Updated on December 7, 2013
elderly care
elderly care | Source

I'd never heard of the Liverpool Care Pathway until it hit the news.

As it turns out, it is the name of a legally constituted program within hospitals in the UK to allow euthanasia of the elderly under certain circumstances.

Introduced or legislated for in 1996, it resolved a legal problem for terminally ill patients, their family, and the medical profession.

Helping someone to die comfortably is humane, and has been practised in hospitals for years, if not forever.

When someone is within days of dying, in pain and in severe discomfort, death is a blessing to them.

It's an end to their misery.

Caring doctors and nurses can't wave a magic wand and make it all better, much as they'd like to.

The absolute best they can do is to make sure that person is comfortable, pain-free, and never left alone.

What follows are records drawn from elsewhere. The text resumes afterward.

(* $\mathfrak{L}(\mathrm{rtDVA}(1))\subsetneq\mathfrak{L}(\mathrm{rtDVA}(2))$.
   Context: $\mathfrak{L}(A)$ denotes the class of languages recognized by machines of type $A$. A real-time deterministic vector automaton of dimension $k$ ($\mathrm{rtDVA}(k)$) is a 6-tuple $(Q,\Sigma,\delta,q_0,Q_a,v)$ with finite state set $Q$, initial state $q_0$, accept states $Q_a$, initial row vector $v\in\mathbb{Q}^k$ (freely chosen), and $\delta:Q\times(\Sigma\cup\{\cent,\$\})\times\{=,\neq\}\to Q\times S$, $S$ the set of $k\times k$ rational matrices. The input $w$ is read as $\cent w\$$ left to right, one symbol per step; in state $q$ reading $\sigma$, with $\omega$ equal to "$=$" iff the first vector entry equals $1$, if $\delta(q,\sigma,\omega)=(q',M)$ the machine goes to $q'$ and multiplies its row vector on the right by $M$. Acceptance: after processing $\$$, the state is in $Q_a$ and the first vector entry equals $1$. *)

theory Defs
  imports Main "Jordan_Normal_Form.Matrix"
begin

text \<open>Tape symbols: input letters (alphabet letters are natural numbers, an
alphabet is a finite set of them), the left end-marker cent and the right
end-marker dollar.\<close>
datatype tsym = Sym nat | Cent | Dollar

text \<open>The transition function takes a state, a tape symbol and a Boolean which is
True iff the first vector entry equals 1 (the "=" outcome).\<close>
record rtdva =
  states :: "nat set"
  delta  :: "nat \<Rightarrow> tsym \<Rightarrow> bool \<Rightarrow> nat \<times> rat mat"
  init   :: nat
  accs   :: "nat set"
  ivec   :: "rat vec"

definition is_rtDVA :: "nat \<Rightarrow> nat set \<Rightarrow> rtdva \<Rightarrow> bool" where
  "is_rtDVA k Sg M \<longleftrightarrow>
     finite (states M) \<and> init M \<in> states M \<and> accs M \<subseteq> states M \<and>
     ivec M \<in> carrier_vec k \<and>
     (\<forall>q \<in> states M. \<forall>s \<in> Sym ` Sg \<union> {Cent, Dollar}. \<forall>b.
        fst (delta M q s b) \<in> states M \<and> snd (delta M q s b) \<in> carrier_mat k k)"

text \<open>Row vector v multiplied on the right by the matrix A.\<close>
definition row_mult :: "rat vec \<Rightarrow> rat mat \<Rightarrow> rat vec" where
  "row_mult v A = transpose_mat A *\<^sub>v v"

definition step :: "rtdva \<Rightarrow> nat \<times> rat vec \<Rightarrow> tsym \<Rightarrow> nat \<times> rat vec" where
  "step M c s = (let (q, v) = c; (q', A) = delta M q s (v $ 0 = 1) in (q', row_mult v A))"

definition run :: "rtdva \<Rightarrow> nat list \<Rightarrow> nat \<times> rat vec" where
  "run M w = foldl (step M) (init M, ivec M) (Cent # map Sym w @ [Dollar])"

definition accepts :: "rtdva \<Rightarrow> nat list \<Rightarrow> bool" where
  "accepts M w \<longleftrightarrow> fst (run M w) \<in> accs M \<and> snd (run M w) $ 0 = 1"

definition lang :: "nat set \<Rightarrow> rtdva \<Rightarrow> nat list set" where
  "lang Sg M = {w \<in> lists Sg. accepts M w}"

definition rtDVA_langs :: "nat \<Rightarrow> (nat set \<times> nat list set) set" where
  "rtDVA_langs k = {(Sg, L). finite Sg \<and> (\<exists>M. is_rtDVA k Sg M \<and> L = lang Sg M)}"

end

(*
  Padding vectors and matrices with zeros turns an rtDVA(k) into an rtDVA(n), k \<le> n, with the
  same runs on the first coordinate. For strictness, a two-dimensional automaton keeps the vector
  (x, 1), so it can apply the affine maps x \<mapsto> 2x + b for binary digits b and x \<mapsto> x - 1, and it
  accepts iff x, starting from 1, ends at 1. After a binary word w of length n the value is the
  number 1w in binary, so appending that value minus one decrements accepts w and rejects every
  other word of length n: all 2^n such prefixes are pairwise distinguishable. A one-dimensional
  automaton, however, only multiplies its single entry by (0,0)-entries of its finitely many
  transition matrices, so after n + 1 steps it has only polynomially many configurations.
*)

theory Submission
  imports Defs
begin

abbreviation tape_alphabet :: "nat set \<Rightarrow> tsym set" where
  "tape_alphabet Sg \<equiv> Sym ` Sg \<union> {Cent, Dollar}"

lemma row_mult_carrier:
  "v \<in> carrier_vec k \<Longrightarrow> A \<in> carrier_mat k n \<Longrightarrow> row_mult v A \<in> carrier_vec n"
  by (simp add: row_mult_def)

lemma row_mult_index:
  assumes "v \<in> carrier_vec k" "A \<in> carrier_mat k n" "i < n"
  shows "row_mult v A $ i = (\<Sum>j<k. A $$ (j, i) * v $ j)"
  using assms unfolding row_mult_def
  by (auto simp: mult_mat_vec_def scalar_prod_def atLeast0LessThan intro!: sum.cong)

lemma step_closed:
  assumes "is_rtDVA k Sg M" "s \<in> tape_alphabet Sg" "c \<in> states M \<times> carrier_vec k"
  shows "step M c s \<in> states M \<times> carrier_vec k"
  using assms unfolding is_rtDVA_def step_def
  by (auto simp: case_prod_beta intro!: row_mult_carrier)

lemma foldl_step_closed:
  assumes "is_rtDVA k Sg M" "set xs \<subseteq> tape_alphabet Sg" "c \<in> states M \<times> carrier_vec k"
  shows "foldl (step M) c xs \<in> states M \<times> carrier_vec k"
  using assms(2,3)
proof (induction xs arbitrary: c)
  case (Cons s xs)
  then show ?case using step_closed[OF assms(1), of s c] by simp
qed simp

definition config_after :: "rtdva \<Rightarrow> nat list \<Rightarrow> nat \<times> rat vec" where
  "config_after M w = foldl (step M) (init M, ivec M) (Cent # map Sym w)"

lemma run_append: "run M (w @ z) = foldl (step M) (config_after M w) (map Sym z @ [Dollar])"
  by (simp add: run_def config_after_def)

section \<open>Embedding into higher dimensions\<close>

definition pad_vec :: "nat \<Rightarrow> 'a::zero vec \<Rightarrow> 'a vec" where
  "pad_vec n v = vec n (\<lambda>i. if i < dim_vec v then v $ i else 0)"

definition pad_mat :: "nat \<Rightarrow> 'a::zero mat \<Rightarrow> 'a mat" where
  "pad_mat n A = mat n n (\<lambda>(i, j). if i < dim_row A \<and> j < dim_col A then A $$ (i, j) else 0)"

lemma pad_vec_index_0: "0 < dim_vec v \<Longrightarrow> dim_vec v \<le> n \<Longrightarrow> pad_vec n v $ 0 = v $ 0"
  by (simp add: pad_vec_def)

lemma row_mult_pad:
  assumes v: "v \<in> carrier_vec k" and A: "A \<in> carrier_mat k k" and "k \<le> n"
  shows "row_mult (pad_vec n v) (pad_mat n A) = pad_vec n (row_mult v A)"
proof (rule eq_vecI)
  fix i assume "i < dim_vec (pad_vec n (row_mult v A))"
  then have i: "i < n" by (simp add: pad_vec_def)
  have "row_mult (pad_vec n v) (pad_mat n A) $ i = (\<Sum>j<n. pad_mat n A $$ (j, i) * pad_vec n v $ j)"
    using i by (intro row_mult_index) (auto simp: pad_vec_def pad_mat_def)
  also have "\<dots> = (\<Sum>j<k. pad_mat n A $$ (j, i) * pad_vec n v $ j)"
    using assms by (intro sum.mono_neutral_right) (auto simp: pad_vec_def)
  also have "\<dots> = pad_vec n (row_mult v A) $ i"
    using assms i row_mult_carrier[OF v A]
    by (cases "i < k") (auto simp: pad_vec_def pad_mat_def row_mult_index)
  finally show "row_mult (pad_vec n v) (pad_mat n A) $ i = pad_vec n (row_mult v A) $ i" .
qed (simp add: pad_vec_def pad_mat_def row_mult_def)

definition embed_rtDVA :: "nat \<Rightarrow> rtdva \<Rightarrow> rtdva" where
  "embed_rtDVA n M = M\<lparr>delta := (\<lambda>q s b. map_prod id (pad_mat n) (delta M q s b)),
                       ivec := pad_vec n (ivec M)\<rparr>"

lemma is_rtDVA_embed: "is_rtDVA k Sg M \<Longrightarrow> is_rtDVA n Sg (embed_rtDVA n M)"
  by (auto simp: is_rtDVA_def embed_rtDVA_def pad_vec_def pad_mat_def map_prod_def split_beta)

lemma step_embed:
  assumes M: "is_rtDVA k Sg M" and k: "0 < k" "k \<le> n"
    and s: "s \<in> tape_alphabet Sg" and q: "q \<in> states M" and v: "v \<in> carrier_vec k"
  shows "step (embed_rtDVA n M) (q, pad_vec n v) s = map_prod id (pad_vec n) (step M (q, v) s)"
proof -
  have "snd (delta M q s (v $ 0 = 1)) \<in> carrier_mat k k"
    using M q s unfolding is_rtDVA_def by blast
  then show ?thesis
    using k v by (simp add: step_def embed_rtDVA_def pad_vec_index_0 row_mult_pad split_beta)
qed

lemma foldl_step_embed:
  assumes M: "is_rtDVA k Sg M" and k: "0 < k" "k \<le> n" and xs: "set xs \<subseteq> tape_alphabet Sg"
    and c: "(q, v) \<in> states M \<times> carrier_vec k"
  shows "foldl (step (embed_rtDVA n M)) (q, pad_vec n v) xs = map_prod id (pad_vec n) (foldl (step M) (q, v) xs)"
  using xs c
proof (induction xs arbitrary: q v)
  case (Cons s xs)
  have s: "s \<in> tape_alphabet Sg" using Cons.prems(1) by simp
  obtain q' v' where step: "step M (q, v) s = (q', v')" by fastforce
  have "(q', v') \<in> states M \<times> carrier_vec k"
    using step_closed[OF M s Cons.prems(2)] step by simp
  moreover have "step (embed_rtDVA n M) (q, pad_vec n v) s = (q', pad_vec n v')"
    using step_embed[OF M k s] Cons.prems(2) step by simp
  ultimately show ?case using Cons.IH Cons.prems(1) step by simp
qed simp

When I was a young nurse in the 1970s, we did everything we could to keep people alive, because we cared.

Even so, there came a time when death was inevitable.

Death IS inevitable for all of us. When it is imminent, the best we can do is make sure those last hours are pain-free for those in our care.

Morphine was and still is, the most powerful pain-killer known to man.

Unfortunately, it also depresses the respiratory system.

When the respiratory system is depressed, breathing is more difficult and we are more prone to chest infections.

It can kill a terminally ill patient.

People in pain, and many cancers are extremely painful, deserve the most powerful analgesic available.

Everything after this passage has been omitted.